(* Let $G$ be an 8.8.8 lattice on a closed hyperbolic surface, in which every non-contractible cycle is long (length greater than $8$). Let $u$ be any vertex and $e=\{u,w\}$ any edge at $u$. Then the output $G'$ of the super-plaquette algorithm applied to $(G,e)$ satisfies $L(G')=9$. Moreover, $L(G')\le L(H)$ for every lattice $H$ satisfying all of the following: - $H$ is a tri-valent, 3-face-colourable multigraph embedded on the same surface; - its vertex set is $V(G)\setminus\{u,w'\}$ for some neighbour $w'$ of $u$; - every edge of $H$ joins two vertices adjacent in $G$.
   Context: An 8.8.8 lattice is a tri-valent, 3-face-colourable tiling of a closed hyperbolic surface by octagons, with three octagons meeting at each vertex. In a 3-face-colourable tri-valent lattice, every edge borders two faces of different colours and is assigned the third colour. A face is identified with its set of boundary edges. The super-plaquette algorithm takes as input such a lattice $G$, a vertex $u$ and an edge $e=\{u,w\}$ of colour $D$. It proceeds as follows. 1. Let $S_1,S_2$ be the two faces containing $e$; these are the shrink faces. 2. Let the merge faces be all faces of colour $D$ that share an edge with $S_1$ or $S_2$. 3. For each shrink face $S$, of colour $P$, and each edge $f$ of colour $D$ on the boundary of $S$ that contains neither $u$ nor $w$, add a new parallel edge $f'$ of colour $T\notin\{D,P\}$, and a new face $\{f,f'\}$ of colour $P$. 4. Delete the shrink faces. 5. Add a new face of colour $D$ consisting of all new edges $f'$, together with all edges of merge faces that are not on a shrink face. 6. Delete the merge faces. 7. Delete $u$, $w$ and all edges lying on no face. $L(H)$ denotes the number of unordered pairs of vertices adjacent in $G$ but not adjacent in $H$. Pairs involving a vertex absent from $H$ also count. *)

theory Defs
  imports Main
begin

(* Vertices have type 'v, edges type 'e (abstract, so multigraphs are allowed),
   ends g is the 2-element set of endpoints of edge g, a face is identified with
   its set of boundary edges. *)

datatype colour = Col0 | Col1 | Col2

definition inc_edges :: "'e set \<Rightarrow> ('e \<Rightarrow> 'v set) \<Rightarrow> 'v \<Rightarrow> 'e set" where
  "inc_edges E ends v = {g \<in> E. v \<in> ends g}"

definition verts_of :: "('e \<Rightarrow> 'v set) \<Rightarrow> 'e set \<Rightarrow> 'v set" where
  "verts_of ends C = \<Union> (ends ` C)"

definition edge_conn :: "('e \<Rightarrow> 'v set) \<Rightarrow> 'e set \<Rightarrow> bool" where
  "edge_conn ends C = (\<forall>g\<in>C. \<forall>h\<in>C.
      (g, h) \<in> {(a, b). a \<in> C \<and> b \<in> C \<and> ends a \<inter> ends b \<noteq> {}}\<^sup>*)"

definition is_cycle :: "('e \<Rightarrow> 'v set) \<Rightarrow> 'e set \<Rightarrow> bool" where
  "is_cycle ends C = (finite C \<and> C \<noteq> {} \<and>
      (\<forall>v \<in> verts_of ends C. card (inc_edges C ends v) = 2) \<and> edge_conn ends C)"

definition adj :: "'e set \<Rightarrow> ('e \<Rightarrow> 'v set) \<Rightarrow> 'v \<Rightarrow> 'v \<Rightarrow> bool" where
  "adj E ends x y = (\<exists>g\<in>E. ends g = {x, y})"

definition graph_conn :: "'v set \<Rightarrow> 'e set \<Rightarrow> ('e \<Rightarrow> 'v set) \<Rightarrow> bool" where
  "graph_conn V E ends = (\<forall>x\<in>V. \<forall>y\<in>V. (x, y) \<in> {(a, b). adj E ends a b}\<^sup>*)"

(* cellular embedding of a graph in a closed connected surface:
   faces are simple cycles (disk faces), every edge lies on exactly two faces *)
definition cellular_map :: "'v set \<Rightarrow> 'e set \<Rightarrow> ('e \<Rightarrow> 'v set) \<Rightarrow> 'e set set \<Rightarrow> bool" where
  "cellular_map V E ends F = (finite V \<and> finite E \<and> finite F \<and> V \<noteq> {} \<and>
      (\<forall>g\<in>E. ends g \<subseteq> V \<and> card (ends g) = 2) \<and>
      (\<forall>f\<in>F. f \<subseteq> E \<and> is_cycle ends f) \<and>
      (\<forall>g\<in>E. card {f \<in> F. g \<in> f} = 2) \<and>
      graph_conn V E ends)"

definition trivalent :: "'v set \<Rightarrow> 'e set \<Rightarrow> ('e \<Rightarrow> 'v set) \<Rightarrow> bool" where
  "trivalent V E ends = (\<forall>v\<in>V. card (inc_edges E ends v) = 3)"

definition proper_face_col :: "'e set set \<Rightarrow> ('e set \<Rightarrow> colour) \<Rightarrow> bool" where
  "proper_face_col F fc = (\<forall>f1\<in>F. \<forall>f2\<in>F. f1 \<noteq> f2 \<and> f1 \<inter> f2 \<noteq> {} \<longrightarrow> fc f1 \<noteq> fc f2)"

definition euler_char :: "'v set \<Rightarrow> 'e set \<Rightarrow> 'e set set \<Rightarrow> int" where
  "euler_char V E F = int (card V) - int (card E) + int (card F)"

(* the faces can be oriented coherently: o f g is the head of edge g when
   traversing face f; each face becomes a directed cycle and the two faces on
   an edge traverse it in opposite directions *)
definition orientable :: "('e \<Rightarrow> 'v set) \<Rightarrow> 'e set set \<Rightarrow> bool" where
  "orientable ends F = (\<exists>ori :: 'e set \<Rightarrow> 'e \<Rightarrow> 'v.
      (\<forall>f\<in>F. \<forall>g\<in>f. ori f g \<in> ends g) \<and>
      (\<forall>f\<in>F. \<forall>x \<in> verts_of ends f. card {g \<in> f. ori f g = x} = 1) \<and>
      (\<forall>f1\<in>F. \<forall>f2\<in>F. \<forall>g. f1 \<noteq> f2 \<and> g \<in> f1 \<and> g \<in> f2 \<longrightarrow> ori f1 g \<noteq> ori f2 g))"

(* a simple cycle C is contractible iff it bounds a disk: a set S of faces
   whose mod-2 boundary is C and whose union has Euler characteristic 1 *)
definition contractible :: "('e \<Rightarrow> 'v set) \<Rightarrow> 'e set set \<Rightarrow> 'e set \<Rightarrow> bool" where
  "contractible ends F C = (\<exists>S \<subseteq> F.
      {g. odd (card {f \<in> S. g \<in> f})} = C \<and>
      euler_char (verts_of ends (\<Union>S)) (\<Union>S) S = 1)"

definition long_noncontractible :: "'e set \<Rightarrow> ('e \<Rightarrow> 'v set) \<Rightarrow> 'e set set \<Rightarrow> bool" where
  "long_noncontractible E ends F = (\<forall>C \<subseteq> E.
      is_cycle ends C \<and> \<not> contractible ends F C \<longrightarrow> card C > 8)"

definition lattice_888 :: "'v set \<Rightarrow> 'e set \<Rightarrow> ('e \<Rightarrow> 'v set) \<Rightarrow> 'e set set \<Rightarrow> ('e set \<Rightarrow> colour) \<Rightarrow> bool" where
  "lattice_888 V E ends F fc = (cellular_map V E ends F \<and> trivalent V E ends \<and>
      (\<forall>f\<in>F. card f = 8) \<and> proper_face_col F fc \<and> euler_char V E F < 0)"

definition edge_col :: "'e set set \<Rightarrow> ('e set \<Rightarrow> colour) \<Rightarrow> 'e \<Rightarrow> colour" where
  "edge_col F fc g = (THE c. \<forall>f\<in>F. g \<in> f \<longrightarrow> fc f \<noteq> c)"

definition Lcount :: "('v \<Rightarrow> 'v \<Rightarrow> bool) \<Rightarrow> ('v \<Rightarrow> 'v \<Rightarrow> bool) \<Rightarrow> nat" where
  "Lcount adjG adjH = card {{x, y} | x y. adjG x y \<and> \<not> adjH x y}"

(* ---- the super-plaquette algorithm ----
   Old edges g become Inl g; the new parallel edge f' created for the pair
   (shrink face S, edge f) is Inr (S, f). *)

definition sp_shrink :: "'e set set \<Rightarrow> 'e \<Rightarrow> 'e set set" where
  "sp_shrink F e = {f \<in> F. e \<in> f}"

definition sp_merge :: "'e set set \<Rightarrow> ('e set \<Rightarrow> colour) \<Rightarrow> 'e \<Rightarrow> 'e set set" where
  "sp_merge F fc e = {M \<in> F. fc M = edge_col F fc e \<and> (\<exists>S \<in> sp_shrink F e. M \<inter> S \<noteq> {})}"

definition sp_new :: "'e set set \<Rightarrow> ('e set \<Rightarrow> colour) \<Rightarrow> ('e \<Rightarrow> 'v set) \<Rightarrow> 'v \<Rightarrow> 'v \<Rightarrow> 'e
                      \<Rightarrow> ('e set \<times> 'e) set" where
  "sp_new F fc ends u w e = {(S, f). S \<in> sp_shrink F e \<and> f \<in> S \<and>
      edge_col F fc f = edge_col F fc e \<and> u \<notin> ends f \<and> w \<notin> ends f}"

definition sp_ends :: "('e \<Rightarrow> 'v set) \<Rightarrow> 'e + ('e set \<times> 'e) \<Rightarrow> 'v set" where
  "sp_ends ends x = (case x of Inl g \<Rightarrow> ends g | Inr (S, f) \<Rightarrow> ends f)"

definition sp_faces :: "'e set set \<Rightarrow> ('e set \<Rightarrow> colour) \<Rightarrow> ('e \<Rightarrow> 'v set) \<Rightarrow> 'v \<Rightarrow> 'v \<Rightarrow> 'e
                        \<Rightarrow> ('e + ('e set \<times> 'e)) set set" where
  "sp_faces F fc ends u w e =
     ((\<lambda>f. Inl ` f) ` (F - sp_shrink F e - sp_merge F fc e))
     \<union> {{Inl f, Inr (S, f)} | S f. (S, f) \<in> sp_new F fc ends u w e}
     \<union> {Inr ` sp_new F fc ends u w e \<union>
         Inl ` {g. (\<exists>M \<in> sp_merge F fc e. g \<in> M) \<and> (\<forall>S \<in> sp_shrink F e. g \<notin> S)}}"

definition sp_verts :: "'v set \<Rightarrow> 'v \<Rightarrow> 'v \<Rightarrow> 'v set" where
  "sp_verts V u w = V - {u, w}"

definition sp_edges :: "'e set set \<Rightarrow> ('e set \<Rightarrow> colour) \<Rightarrow> ('e \<Rightarrow> 'v set) \<Rightarrow> 'v \<Rightarrow> 'v \<Rightarrow> 'e
                        \<Rightarrow> ('e + ('e set \<times> 'e)) set" where
  "sp_edges F fc ends u w e = {x. (\<exists>f \<in> sp_faces F fc ends u w e. x \<in> f) \<and>
                                  sp_ends ends x \<inter> {u, w} = {}}"

end

theory Submission
  imports Defs
begin

text \<open>The super-plaquette output keeps every old edge except the five at \<open>u\<close> or \<open>w\<close> and, on
  each of the two shrink faces, the two edges that avoid \<open>u\<close>, \<open>w\<close> and the colour \<open>D\<close> of \<open>e\<close>
  (the colours alternate around an octagon); every new edge is parallel to a kept old one, so
  exactly nine adjacencies are lost.

  A competitor \<open>H\<close> on \<open>V - {u, w'}\<close> loses the five pairs at \<open>u\<close> and \<open>w'\<close>. Each of the four
  other neighbours \<open>z\<close> of \<open>u\<close>, \<open>w'\<close> keeps two neighbours of \<open>G\<close> but has three edges in \<open>H\<close>,
  so two of them join \<open>z\<close> to the same vertex \<open>p\<close>, and \<open>p\<close> then loses a pair of its own. These
  four pairs are distinct and avoid \<open>u\<close>, \<open>w'\<close>, since otherwise \<open>G\<close> would contain a cycle of
  length at most six, while every cycle has length at least eight: non-contractible ones by
  hypothesis, contractible ones by discharging over the disc they bound.\<close>

lemma card_2_other: "card X = 2 \<Longrightarrow> a \<in> X \<Longrightarrow> \<exists>b. b \<noteq> a \<and> X = {a, b}"
  by (auto simp: card_2_iff)

lemma card_2_eq_pair: "card X = 2 \<Longrightarrow> a \<in> X \<Longrightarrow> b \<in> X \<Longrightarrow> a \<noteq> b \<Longrightarrow> X = {a, b}"
  by (auto simp: card_2_iff)

lemma card_3_other: "card X = 3 \<Longrightarrow> a \<in> X \<Longrightarrow> b \<in> X \<Longrightarrow> a \<noteq> b \<Longrightarrow>
    \<exists>c. c \<noteq> a \<and> c \<noteq> b \<and> X = {a, b, c}"
  by (auto simp: card_3_iff)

▬▬▬▬▬▬▬▬▬▬

** Instructions to follow **
Retype only this portion of the data above: the line containing "(* ---- the super-plaquette", the line containing "Inl g \<Rightarrow>", and all lines between them, exactly.

** Response for this exercise **
(* ---- the super-plaquette algorithm ----
   Old edges g become Inl g; the new parallel edge f' created for the pair
   (shrink face S, edge f) is Inr (S, f). *)

definition sp_shrink :: "'e set set \<Rightarrow> 'e \<Rightarrow> 'e set set" where
  "sp_shrink F e = {f \<in> F. e \<in> f}"

definition sp_merge :: "'e set set \<Rightarrow> ('e set \<Rightarrow> colour) \<Rightarrow> 'e \<Rightarrow> 'e set set" where
  "sp_merge F fc e = {M \<in> F. fc M = edge_col F fc e \<and> (\<exists>S \<in> sp_shrink F e. M \<inter> S \<noteq> {})}"

definition sp_new :: "'e set set \<Rightarrow> ('e set \<Rightarrow> colour) \<Rightarrow> ('e \<Rightarrow> 'v set) \<Rightarrow> 'v \<Rightarrow> 'v \<Rightarrow> 'e
                      \<Rightarrow> ('e set \<times> 'e) set" where
  "sp_new F fc ends u w e = {(S, f). S \<in> sp_shrink F e \<and> f \<in> S \<and>
      edge_col F fc f = edge_col F fc e \<and> u \<notin> ends f \<and> w \<notin> ends f}"

definition sp_ends :: "('e \<Rightarrow> 'v set) \<Rightarrow> 'e + ('e set \<times> 'e) \<Rightarrow> 'v set" where
  "sp_ends ends x = (case x of Inl g \<Rightarrow> ends g | Inr (S, f) \<Rightarrow> ends f)"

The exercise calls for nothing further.